“Una scimmia all’accademia”, di F. Kafka, satira graffianate sul mondo degli umani, al Sancarluccio dal 22 al 25 novembre.
Napoli - Farsa
grottesca dell’esemblè a consesso,
chè la scienza è venata di spuria follia, e la mymesis è imperscrutabile e spectaculare:
venghino siori, venghino, che da guinnes
è il primate, lucido e fulvo il pelo ormai borghese, abbiam scimmia all’accademia!
“Pan troglodytes”
captivo e sornione,
solcato nel viso da signo lineare e
vermiglio, retaggio dei lustri scimmieschi, grinza che non fa una piega e non
vale un Grinzane (ahimè, non più),
perché dell’imitazione e dell’attoreo guizzo la scimmia è pregna, ebbra di
umana medietà, specchio fumè d’un
borgesismo mitteleuropeo che gongola a varietà e s’approva nel scialacquar buon
vino (un rubizzo “Primitivo”, ca va san
dire) e sfumacchair pipette all’abbisogna,
rudimenti da tabarin,
chincaglierie demodè da Old Europa e vecchi lazzi.
Come se l’imago mundi per scimmia divelta da
cuore primitivo fosse distorta nei vizi umani troppo umani, cabaret in
chiaroscuro, dove salvezza non v’è, se non nell’emulazione, da soma e
pailettes, grottesca grondante di fumus libertatis, coartazione a
ripetere bevuta, voluttà e
rappresentazione, chè dell’essere umano siam stanchi in primis noi attorucoli
scarni e sfatti e sfiduciati.
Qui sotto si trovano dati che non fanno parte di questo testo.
lemma mem_realization_iff:
  assumes "simplicial_complex K" "{w. f w \<noteq> 0} \<subseteq> S" "S \<subseteq> \<Union>K"
  shows "f \<in> realization K \<longleftrightarrow> (\<forall>w. 0 \<le> f w) \<and> {w. f w \<noteq> 0} \<in> K \<and> sum f S = 1"
proof -
  have "sum f (\<Union>K) = sum f S"
    using assms by (intro sum.mono_neutral_right simplicial_complex_finite_vertices) auto
  thus ?thesis unfolding realization_def by auto
qed

lemma realization_vertex_pair_le_1:
  assumes K: "simplicial_complex K" and f: "f \<in> realization K" and "a \<noteq> b"
  shows "f a + f b \<le> 1"
proof -
  define S where "S = {w. f w \<noteq> 0}"
  have nonneg: "\<And>w. 0 \<le> f w" and S: "S \<in> K" using f unfolding realization_def S_def by auto
  hence fin: "finite S" using K unfolding simplicial_complex_def by blast
  have "f a + f b = sum f {a, b}" using \<open>a \<noteq> b\<close> by simp
  also have "\<dots> = sum f ({a, b} \<inter> S)" by (rule sum.mono_neutral_right) (auto simp: S_def)
  also have "\<dots> \<le> sum f S" using fin nonneg by (intro sum_mono2) auto
  also have "\<dots> = 1" using f mem_realization_iff[OF K, of f S] S unfolding S_def by blast
  finally show ?thesis .
qed
lemma fpa1_accounting_step:
  assumes step: "fpa1_step n m pos s t" and acc: "fpa1_accounting n m pos v x W s"
    and queried: "snd (snd t) \<subseteq> R"
    and worth: "\<And>S y. S \<subseteq> {..<n} \<Longrightarrow> inj_on y S \<Longrightarrow> \<forall>i\<in>S. (i, y i) \<in> R
      \<Longrightarrow> (\<Sum>i\<in>S. v i (y i)) \<le> W"
  shows "fpa1_accounting n m pos v x W t"
  using step acc queried
proof (induction rule: fpa1_step.induct)
  case (match l A S y R')
  have "S \<subseteq> {..<n}" using match(2,3) unfolding fpa_pm_def fpa1_accounting_def by auto
  moreover have "inj_on y S" "\<forall>i\<in>S. (i, y i) \<in> R" using match(2,4) unfolding fpa_pm_def by auto
  ultimately have "(\<Sum>i\<in>S. v i (y i)) \<le> W" by (rule worth)
  then show ?case by (rule fpa1_accounting_match[OF match(3,1,2)])
next
  case (advance l A R')
  then show ?case by (intro fpa1_accounting_advance) auto
qed

lemma fpa1_optimum_le:
  assumes run: "(fpa1_step n m pos)\<^sup>*\<^sup>* (fpa1_start n pos) (Suc n, A, R)"
    and worth: "\<And>S y. S \<subseteq> {..<n} \<Longrightarrow> inj_on y S \<Longrightarrow> \<forall>i\<in>S. (i, y i) \<in> R
      \<Longrightarrow> (\<Sum>i\<in>S. v i (y i)) \<le> W"
    and W: "0 \<le> W" and k: "0 < fpa_k n m"
  shows "welfare n v x \<le> real n / fpa_k n m * W + fpa_k n m * harm n"
proof -
  let ?k = "fpa_k n m"
  have "snd (snd t) \<subseteq> R \<longrightarrow> fpa1_accounting n m pos v x W t"
    if "(fpa1_step n m pos)\<^sup>*\<^sup>* (fpa1_start n pos) t" for t
    using that
  proof (induction rule: rtranclp_induct)
    case (step s t)
    then show ?case
      using fpa1_accounting_step[OF _ _ _ worth] fpa1_step_queries_mono by blast
  qed (use fpa1_accounting_start in auto)
  then have "fpa1_accounting n m pos v x W (Suc n, A, R)" using run by simp
  then obtain G E b where G: "G \<subseteq> {..<n}" and E: "E \<subseteq> {..<n}"
    and cover: "\<forall>i<n. (i \<in> A \<and> Suc n \<le> rank n pos i (x i)) \<or> i \<in> G \<or> i \<in> E"
    and sum_G: "(\<Sum>i\<in>G. v i (x i)) \<le> real b * W"
    and rounds: "real b * ?k \<le> real (card ({..<n} - A))"
    and sum_E: "(\<Sum>i\<in>E. v i (x i)) \<le> ?k * harm n"
    by (auto elim: fpa1_accountingE)
  have fin: "finite G" "finite E" using G E finite_subset by auto
  have covered: "{..<n} \<subseteq> G \<union> E" using cover optimal_rank by fastforce
  have "welfare n v x \<le> (\<Sum>i\<in>G \<union> E. v i (x i))"
    unfolding welfare_def by (rule sum_mono2) (use fin covered optimal_value_nonneg G E in auto)
  also have "\<dots> \<le> (\<Sum>i\<in>G. v i (x i)) + (\<Sum>i\<in>E. v i (x i))"
    by (rule sum_union_le) (use fin G optimal_value_nonneg in auto)
  also have "\<dots> \<le> real b * W + ?k * harm n" using sum_G sum_E by simp
  also have "real b * W \<le> real n / ?k * W"
  proof (rule mult_right_mono[OF _ W])
    have "card ({..<n} - A) \<le> card {..<n}" by (rule card_mono) auto
    then have "real (card ({..<n} - A)) \<le> real n" by simp
    then show "real b \<le> real n / ?k" using rounds k by (simp add: field_simps)
  qed
  finally show ?thesis by simp
qed

end

lemma fpa1_distortion:
  assumes profile: "valid_profile n v pos" and n: "n = m ^ 3" and m: "2 \<le> m"
    and top: "i\<^sub>0 < n" "1 / real m \<le> v i\<^sub>0 (pos i\<^sub>0 1)"
    and run: "(fpa1_step n m pos)\<^sup>*\<^sup>* (fpa1_start n pos) (Suc n, A, R)"
    and y: "maximizes n (\<lambda>i j. if (i, j) \<in> R then v i j else 0) y"
    and x: "is_matching n x"
  shows "welfare n v x \<le> 3 * real m ^ 2 * sqrt (log 2 (real n)) * welfare n v y"
proof -
  let ?W = "welfare n v y" and ?L = "log 2 (real n)" and ?k = "fpa_k n m"
  have "2 ^ 3 \<le> m ^ 3" using m by (rule power_mono) simp
  then have n2: "2 \<le> n" using n by simp
  then have L: "1 \<le> ?L" by simp
  have k: "?k = real m / sqrt ?L" unfolding fpa_k_def ..
  have m0: "0 < real m" using m by simp
  then have k0: "0 < ?k" using L unfolding k by simp
  have worth: "(\<Sum>i\<in>S. v i (z i)) \<le> ?W"
    if "S \<subseteq> {..<n}" "inj_on z S" "\<forall>i\<in>S. (i, z i) \<in> R" for S z
    using fpa1_queried_partial_matching_le[OF profile run y that] .
  have "(i\<^sub>0, pos i\<^sub>0 1) \<in> R" using fpa1_run_queries_mono[OF run] top(1) by auto
  then have "v i\<^sub>0 (pos i\<^sub>0 1) \<le> ?W" using worth[of "{i\<^sub>0}" "\<lambda>_. pos i\<^sub>0 1"] top(1) by simp
  then have "real m * v i\<^sub>0 (pos i\<^sub>0 1) \<le> real m * ?W" using m0 by simp
  moreover have "1 \<le> real m * v i\<^sub>0 (pos i\<^sub>0 1)" using top(2) m0 by (simp add: field_simps)
  ultimately have W: "1 \<le> real m * ?W" by linarith
  have W0: "0 \<le> ?W"
    using y value_nonneg[OF profile] unfolding maximizes_def by (intro welfare_nonneg) auto
  have "welfare n v x \<le> real n / ?k * ?W + ?k * harm n"
    using fpa1_optimum_le[OF profile x run worth W0 k0] by blast
  also have "real n / ?k = real m ^ 2 * sqrt ?L"
  proof -
    have "real n = real m ^ 2 * real m" using n by (simp add: power3_eq_cube power2_eq_square)
    then show ?thesis unfolding k using m0 by simp
  qed
  also have "?k * harm n \<le> ?k * (2 * ?L)"
    using harm_le_two_log2[OF n2] k0 by simp
  also have "?k * (2 * ?L) = 2 * real m * sqrt ?L"
    unfolding k using L by (simp add: field_simps real_sqrt_mult[symmetric])
  also have "\<dots> \<le> 2 * real m * sqrt ?L * (real m * ?W)"
    using mult_left_mono[OF W, of "2 * real m * sqrt ?L"] m0 L by simp
  finally show ?thesis by (simp add: power2_eq_square algebra_simps)
qed

section \<open>Heavy partial matchings\<close>

definition matching_within :: "'a set \<Rightarrow> 'b set \<Rightarrow> ('a \<Rightarrow> 'b set) \<Rightarrow> ('a \<times> 'b) set \<Rightarrow> bool" where
  "matching_within I J G M \<longleftrightarrow>
     M \<subseteq> I \<times> J \<and> (\<forall>p\<in>M. snd p \<in> G (fst p)) \<and> inj_on fst M \<and> inj_on snd M"

definition matching_weight :: "('a \<Rightarrow> real) \<Rightarrow> ('a \<times> 'b) set \<Rightarrow> real" where
  "matching_weight t M = (\<Sum>p\<in>M. t (fst p))"

lemma max_weight_matching_exists:
  assumes "finite I" "finite J"
  obtains M where "matching_within I J G M"
    "\<And>M'. matching_within I J G M' \<Longrightarrow> matching_weight t M' \<le> matching_weight t M"
proof -
  let ?F = "{M. matching_within I J G M}"
  have "finite ?F"
    by (rule finite_subset[of _ "Pow (I \<times> J)"]) (use assms in \<open>auto simp: matching_within_def\<close>)
  moreover have "{} \<in> ?F" by (simp add: matching_within_def)
  ultimately have "Max (matching_weight t ` ?F) \<in> matching_weight t ` ?F" by (intro Max_in) auto
  then obtain M where M: "M \<in> ?F" "matching_weight t M = Max (matching_weight t ` ?F)" by auto
  show thesis
  proof (rule that)
    show "matching_within I J G M" using M(1) by simp
    show "matching_weight t M' \<le> matching_weight t M" if "matching_within I J G M'" for M'
      unfolding M(2) using \<open>finite ?F\<close> that by (intro Max_ge) auto
  qed
qed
Kafka (che molto amava il teatro) denuda il pelo,
il vello d’ominide, lasciando il primate a far da speculum per homines
prosaici e crassi, giacchè unica via, se non per libertà, almeno sopravvivenza,
è nell’iper-testualità dello spettacolo, del carnascialesco eloquio in punta
d’assi.
Pietro il Rosso,
sbrego indistinguibile perché similare, su tela accademica, non è
attorea scimmia, ma scimmia cubica, moltiplicatore del primitivo arroccato
nell’intimo più umano, unica vera costumanza a render consonanza agli evi
ancestrali, senza esser malsana vacua e caricaturale veste.«Non mi piacevano gli uomini, li imitavo solo per trovare una via di
scampo», argomenta il Nostro, la sua metamorfosi inversa è compiuta, il
lume a stoppino di animalità charmant non riluce al bistrot degli umani, come
gioco d’ombre degradato a follia: la scimmia è il simulacro, l’animale in
gabbia resta bipede, legge Darwin ed ha il pollice opponibile.
Bravo,
perfettamente calato, occhio bistrato, tight
su misura: Saba Salvemini rende onore al testo, sorveglia e misura la baldanza
attorea e convince l’uditorio. Chi è la scimmia, tra palco e platea?